[[ Data shown open ]]
(* Let $q$ be a prime power, $n,r$ integers with $r\le\lfloor n/2\rfloor$, and $0<\rho<r$. For $0 \le \delta \le \rho$, let $T_\delta = \min \sum_{i=0}^r A_i(\delta)$, where the minimum is over all integer sequences $(A_i(\delta))_{i=0}^r$ satisfying: $A_i(\delta) = 0$ for $0\le i\le \delta-1$; $1 \le A_\delta(\delta) \le N_{\mathrm{C}}(\delta)$; $0 \le A_i(\delta)\le N_{\mathrm{C}}(i)$ for $\delta+1\le i\le r$; and $\sum_{i=0}^r A_i(\delta)\sum_{s=0}^\rho J_{\mathrm{C}}(l,s,i) \ge N_{\mathrm{C}}(l)$ for all $0\le l\le r$. Then $K_{\mathrm{C}}(q,n,r,\rho) \ge \max_{0\le\delta\le\rho} T_\delta$.
   Context: $E_r(q,n)$ is the set of $r$-dimensional subspaces of $\mathrm{GF}(q)^n$, with injection distance $d_{\mathrm{I}}(U,V) = \dim(U+V)-\min\{\dim U,\dim V\}$. ${m\brack k}=\prod_{i=0}^{k-1}\frac{q^m-q^i}{q^k-q^i}$; $N_{\mathrm{C}}(d) = q^{d^2}{r\brack d}{n-r \brack d}$ is the number of elements of $E_r(q,n)$ at injection distance $d$ from a fixed one. For $0\le u,s,d\le r$, $J_{\mathrm{C}}(u,s,d)$ is the number of $W\in E_r(q,n)$ with $d_{\mathrm{I}}(W,U)=u$ and $d_{\mathrm{I}}(W,V)=s$, for any fixed $U,V\in E_r(q,n)$ with $d_{\mathrm{I}}(U,V)=d$ (it depends only on $u,s,d$). The covering radius of a nonempty $\mathcal{C}\subseteq E_r(q,n)$ is $\max_{U}\min_{C\in\mathcal{C}} d_{\mathrm{I}}(U,C)$; $K_{\mathrm{C}}(q,n,r,\rho)$ is the minimum cardinality of a subset of $E_r(q,n)$ with covering radius at most $\rho$. *)

theory Defs
  imports "HOL-Analysis.Analysis"
begin

text \<open>Ambient space GF(q)^n is rendered as the vector type 'a^'n over a finite field 'a
  (q = CARD('a), n = CARD('n)).\<close>

definition Er :: "nat \<Rightarrow> ('a::{finite,field}^'n) set set" where
  "Er r = {U. vec.subspace U \<and> vec.dim U = r}"

definition dI :: "('a::{finite,field}^'n) set \<Rightarrow> ('a^'n) set \<Rightarrow> nat" where
  "dI U V = vec.dim (vec.span (U \<union> V)) - min (vec.dim U) (vec.dim V)"

definition gbinom :: "nat \<Rightarrow> nat \<Rightarrow> nat \<Rightarrow> real" where
  "gbinom q m k = (\<Prod>i<k. (real q ^ m - real q ^ i) / (real q ^ k - real q ^ i))"

definition NC :: "nat \<Rightarrow> nat \<Rightarrow> nat \<Rightarrow> nat \<Rightarrow> real" where
  "NC q n r d = real q ^ (d\<^sup>2) * gbinom q r d * gbinom q (n - r) d"

text \<open>J_C(u,s,d): number of W in E_r with d_I(W,U)=u, d_I(W,V)=s for a fixed pair (U,V)
  in E_r with d_I(U,V)=d (chosen by Hilbert choice; the count does not depend on the choice).\<close>
definition JC :: "'a::{finite,field} itself \<Rightarrow> 'n::finite itself \<Rightarrow> nat \<Rightarrow> nat \<Rightarrow> nat \<Rightarrow> nat \<Rightarrow> nat" where
  "JC _ _ r u s d =
     (let P = (SOME P :: ('a::{finite,field}^'n) set \<times> ('a^'n) set.
                 fst P \<in> Er r \<and> snd P \<in> Er r \<and> dI (fst P) (snd P) = d)
      in card {W \<in> Er r. dI W (fst P) = u \<and> dI W (snd P) = s})"

definition covering_radius :: "nat \<Rightarrow> ('a::{finite,field}^'n) set set \<Rightarrow> nat" where
  "covering_radius r C = Max ((\<lambda>U. Min ((\<lambda>c. dI U c) ` C)) ` Er r)"

definition KC :: "'a::{finite,field} itself \<Rightarrow> 'n::finite itself \<Rightarrow> nat \<Rightarrow> nat \<Rightarrow> nat" where
  "KC _ _ r \<rho> = Min {card C | C :: ('a::{finite,field}^'n) set set.
                        C \<subseteq> Er r \<and> C \<noteq> {} \<and> covering_radius r C \<le> \<rho>}"

definition feasible :: "'a::{finite,field} itself \<Rightarrow> 'n::finite itself \<Rightarrow> nat \<Rightarrow> nat \<Rightarrow> nat \<Rightarrow> (nat \<Rightarrow> int) \<Rightarrow> bool" where
  "feasible ta tn r \<rho> \<delta> A \<longleftrightarrow>
     (let q = CARD('a::{finite,field}); n = CARD('n) in
     (\<forall>i<\<delta>. A i = 0) \<and>
     1 \<le> A \<delta> \<and> real_of_int (A \<delta>) \<le> NC q n r \<delta> \<and>
     (\<forall>i\<in>{\<delta>+1..r}. 0 \<le> A i \<and> real_of_int (A i) \<le> NC q n r i) \<and>
     (\<forall>l\<le>r. real_of_int (\<Sum>i=0..r. A i * (\<Sum>s=0..\<rho>. int (JC ta tn r l s i))) \<ge> NC q n r l))"

definition T :: "'a::{finite,field} itself \<Rightarrow> 'n::finite itself \<Rightarrow> nat \<Rightarrow> nat \<Rightarrow> nat \<Rightarrow> int" where
  "T ta tn r \<rho> \<delta> = Min {(\<Sum>i=0..r. A i) | A. feasible ta tn r \<rho> \<delta> A}"

end

theory Submission
  imports Defs
begin

text \<open>
  Given a code \<open>C\<close> of covering radius at most \<open>\<rho>\<close> and \<open>\<delta> \<le> \<rho>\<close>, we find a code \<open>C'\<close> with
  \<open>|C'| \<le> |C|\<close>, still of covering radius at most \<open>\<rho>\<close>, and a space \<open>U\<close> at distance exactly \<open>\<delta>\<close>
  from \<open>C'\<close>.
  If \<open>\<delta>\<close> does not exceed the actual covering radius of \<open>C\<close>, take \<open>C' = C\<close>: the distance to \<open>C\<close>
  drops by exactly one along a step towards a nearest codeword, so it takes every smaller value.
  Otherwise let \<open>U\<close> be a deepest hole and push every codeword closer than \<open>\<delta>\<close> out to distance \<open>\<delta>\<close>
  from \<open>U\<close>, which is possible as \<open>2r \<le> n\<close>.

  Then \<open>A\<^sub>i = #{c \<in> C'. d(U,c) = i}\<close> is feasible: each of the \<open>N\<^sub>C(l)\<close> spaces at distance \<open>l\<close>
  from \<open>U\<close> is within \<open>\<rho>\<close> of some codeword, and a codeword at distance \<open>i\<close> from \<open>U\<close> is within \<open>\<rho>\<close>
  of \<open>\<Sum>\<^sub>s J\<^sub>C(l,s,i)\<close> of them. This count does not depend on the pair chosen in the definition
  of \<open>J\<^sub>C\<close>, because linear automorphisms act transitively on pairs of \<open>r\<close>-spaces with a given
  intersection dimension; \<open>N\<^sub>C(l)\<close> itself is obtained by double counting pairs of ordered bases.
\<close>

section \<open>Injection distance on \<open>E\<^sub>r\<close>\<close>

lemma dim_span_Un_add_dim_Int:
  fixes U V :: "('a::field^'n) set"
  assumes "vec.subspace U" "vec.subspace V"
  shows "vec.dim (vec.span (U \<union> V)) + vec.dim (U \<inter> V) = vec.dim U + vec.dim V"
proof -
  have span_UV: "vec.span U = U" "vec.span V = V" using assms by (simp_all add: vec.span_eq_iff)
  have "vec.span (U \<union> V) = {x + y |x y. x \<in> U \<and> y \<in> V}"
    using vec.span_Un[of U V] unfolding span_UV .
  then show ?thesis using vec.dim_sums_Int[OF assms] by simp
qed

lemma dim_Int_le_Er:
  "U \<in> Er r \<Longrightarrow> vec.dim (U \<inter> V) \<le> r"
  unfolding Er_def using vec.dim_subset[of "U \<inter> V" U] by auto

lemma dI_Er_eq:
  assumes "U \<in> Er r" "V \<in> Er r"
  shows "dI U V = r - vec.dim (U \<inter> V)"
  using assms dim_span_Un_add_dim_Int[of U V] dim_Int_le_Er[OF assms(1), of V]
  unfolding dI_def Er_def by simp

lemma dI_commute: "U \<in> Er r \<Longrightarrow> V \<in> Er r \<Longrightarrow> dI U V = dI V U"
  by (simp add: dI_Er_eq Int_commute)

lemma dI_self: "U \<in> Er r \<Longrightarrow> dI U U = 0"
  by (simp add: dI_Er_eq Er_def)

lemma dI_le: "U \<in> Er r \<Longrightarrow> V \<in> Er r \<Longrightarrow> dI U V \<le> r"
  by (simp add: dI_Er_eq)

lemma dI_triangle:
  assumes "U \<in> Er r" "V \<in> Er r" "W \<in> Er r"
  shows "dI U W \<le> dI U V + dI V W"
proof -
  have s: "vec.subspace U" "vec.subspace V" "vec.subspace W" "vec.dim V = r"
    using assms by (auto simp: Er_def)
  have "vec.dim (vec.span ((U \<inter> V) \<union> (V \<inter> W))) + vec.dim ((U \<inter> V) \<inter> (V \<inter> W))
      = vec.dim (U \<inter> V) + vec.dim (V \<inter> W)"
    using s by (intro dim_span_Un_add_dim_Int) (auto simp: vec.subspace_inter)
  moreover have "vec.dim (vec.span ((U \<inter> V) \<union> (V \<inter> W))) \<le> r"
    using vec.dim_subset[of _ V] vec.span_minimal[of "(U \<inter> V) \<union> (V \<inter> W)" V] s by auto
  moreover have "vec.dim ((U \<inter> V) \<inter> (V \<inter> W)) \<le> vec.dim (U \<inter> W)"
    by (rule vec.dim_subset) auto
  ultimately show ?thesis
    using dI_Er_eq[OF assms(1,2)] dI_Er_eq[OF assms(2,3)] dI_Er_eq[OF assms(1,3)] by linarith
qed

section \<open>Adapted bases and exchange steps\<close>

lemma span_Int_span_independent:
  fixes E :: "('a::field^'n) set"
  assumes "vec.independent E" "A \<subseteq> E" "B \<subseteq> E"
  shows "vec.span A \<inter> vec.span B = vec.span (A \<inter> B)"
proof -
  have fin: "finite A" "finite B"
    using assms vec.finiteI_independent finite_subset by blast+
  have ind: "vec.independent A" "vec.independent B" "vec.independent (A \<union> B)" "vec.independent (A \<inter> B)"
    using assms vec.independent_mono by (metis Int_lower1 le_sup_iff subset_trans)+
  have "vec.dim {x + y |x y. x \<in> vec.span A \<and> y \<in> vec.span B} + vec.dim (vec.span A \<inter> vec.span B)
      = vec.dim (vec.span A) + vec.dim (vec.span B)"
    by (rule vec.dim_sums_Int) auto
  then have "card (A \<union> B) + vec.dim (vec.span A \<inter> vec.span B) = card A + card B"
    using ind by (simp add: vec.span_Un[symmetric] vec.dim_eq_card_independent)
  then have "vec.dim (vec.span A \<inter> vec.span B) = vec.dim (vec.span (A \<inter> B))"
    using card_Un_Int[OF fin] ind(4) by (simp add: vec.dim_eq_card_independent)
  then show ?thesis
    by (intro vec.subspace_dim_equal[symmetric]) (auto simp: vec.subspace_inter vec.span_mono)
qed

lemma card_basis_eq_CARD:
  fixes E :: "('a::field^'n) set"
  assumes "vec.independent E" "vec.span E = UNIV"
  shows "card E = CARD('n)"
  using assms vec.dim_span_eq_card_independent[OF assms(1)] by (simp add: card_cart_basis)

lemma adapted_basis:
  fixes U V :: "('a::field^'n) set"
  assumes U: "vec.subspace U" and V: "vec.subspace V"
  obtains E D1 D2 where "vec.independent E" "vec.span E = UNIV" "D1 \<subseteq> E" "D2 \<subseteq> E"
    "U = vec.span D1" "V = vec.span D2"
proof -
  obtain B where B: "B \<subseteq> U \<inter> V" "vec.independent B" "U \<inter> V \<subseteq> vec.span B"
    "card B = vec.dim (U \<inter> V)"
    using vec.basis_exists by blast
  obtain D1 where D1: "B \<subseteq> D1" "D1 \<subseteq> U" "vec.independent D1" "U \<subseteq> vec.span D1"
    using vec.maximal_independent_subset_extend[of B U] B by auto
  obtain D2 where D2: "B \<subseteq> D2" "D2 \<subseteq> V" "vec.independent D2" "V \<subseteq> vec.span D2"
    using vec.maximal_independent_subset_extend[of B V] B by auto
  have span_D: "vec.span D1 = U" "vec.span D2 = V"
    using D1 D2 vec.span_minimal[OF _ U] vec.span_minimal[OF _ V] by blast+
  have fin: "finite D1" "finite D2" using D1(3) D2(3) vec.finiteI_independent by auto
  have "D1 \<inter> D2 = B"
  proof (rule vec.spanning_subset_independent)
    show "vec.independent (D1 \<inter> D2)" using D1(3) vec.independent_mono by blast
  qed (use D1 D2 B in auto)
  then have "card (D1 \<union> D2) + vec.dim (U \<inter> V) = vec.dim U + vec.dim V"
    using card_Un_Int[OF fin] B(4) D1 D2 vec.basis_card_eq_dim by metis
  moreover have "vec.span (D1 \<union> D2) = vec.span (U \<union> V)"
    unfolding vec.span_Un unfolding span_D[symmetric] vec.span_span by (rule refl)
  ultimately have "card (D1 \<union> D2) = vec.dim (vec.span (D1 \<union> D2))"
    using dim_span_Un_add_dim_Int[OF U V] by simp
  then have "vec.independent (D1 \<union> D2)"
    using vec.card_eq_dim[of "D1 \<union> D2" "vec.span (D1 \<union> D2)"] fin
    by (simp add: vec.span_superset)
  then obtain E where E: "D1 \<union> D2 \<subseteq> E" "vec.independent E" "UNIV \<subseteq> vec.span E"
    using vec.maximal_independent_subset_extend[of "D1 \<union> D2" UNIV] by auto
  show ?thesis
    by (rule that[of E D1 D2]) (use E span_D in auto)
qed

lemma span_subset_independent_Er:
  fixes E :: "('a::{finite,field}^'n) set"
  assumes "vec.independent E" "A \<subseteq> E"
  shows "vec.span A \<in> Er (card A)"
  using assms unfolding Er_def
  by (simp add: vec.dim_eq_card_independent vec.independent_mono)

lemma dI_span_subsets:
  fixes E :: "('a::{finite,field}^'n) set"
  assumes E: "vec.independent E" and A: "A \<subseteq> E" "card A = r" and B: "B \<subseteq> E" "card B = r"
  shows "dI (vec.span A) (vec.span B) = r - card (A \<inter> B)"
proof -
  have "vec.span A \<in> Er r" "vec.span B \<in> Er r"
    using span_subset_independent_Er[OF E A(1)] span_subset_independent_Er[OF E B(1)] A B by auto
  then have "dI (vec.span A) (vec.span B) = r - vec.dim (vec.span A \<inter> vec.span B)"
    by (rule dI_Er_eq)
  also have "vec.span A \<inter> vec.span B = vec.span (A \<inter> B)"
    by (rule span_Int_span_independent[OF E A(1) B(1)])
  also have "vec.dim (vec.span (A \<inter> B)) = card (A \<inter> B)"
    using E A B by (meson inf.coboundedI1 vec.dim_span_eq_card_independent vec.independent_mono)
  finally show ?thesis .
qed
[[ Data shown closed ]]
» Problem details
Write only the number of lines in the data above that include "exactly".

» Completed exercise
2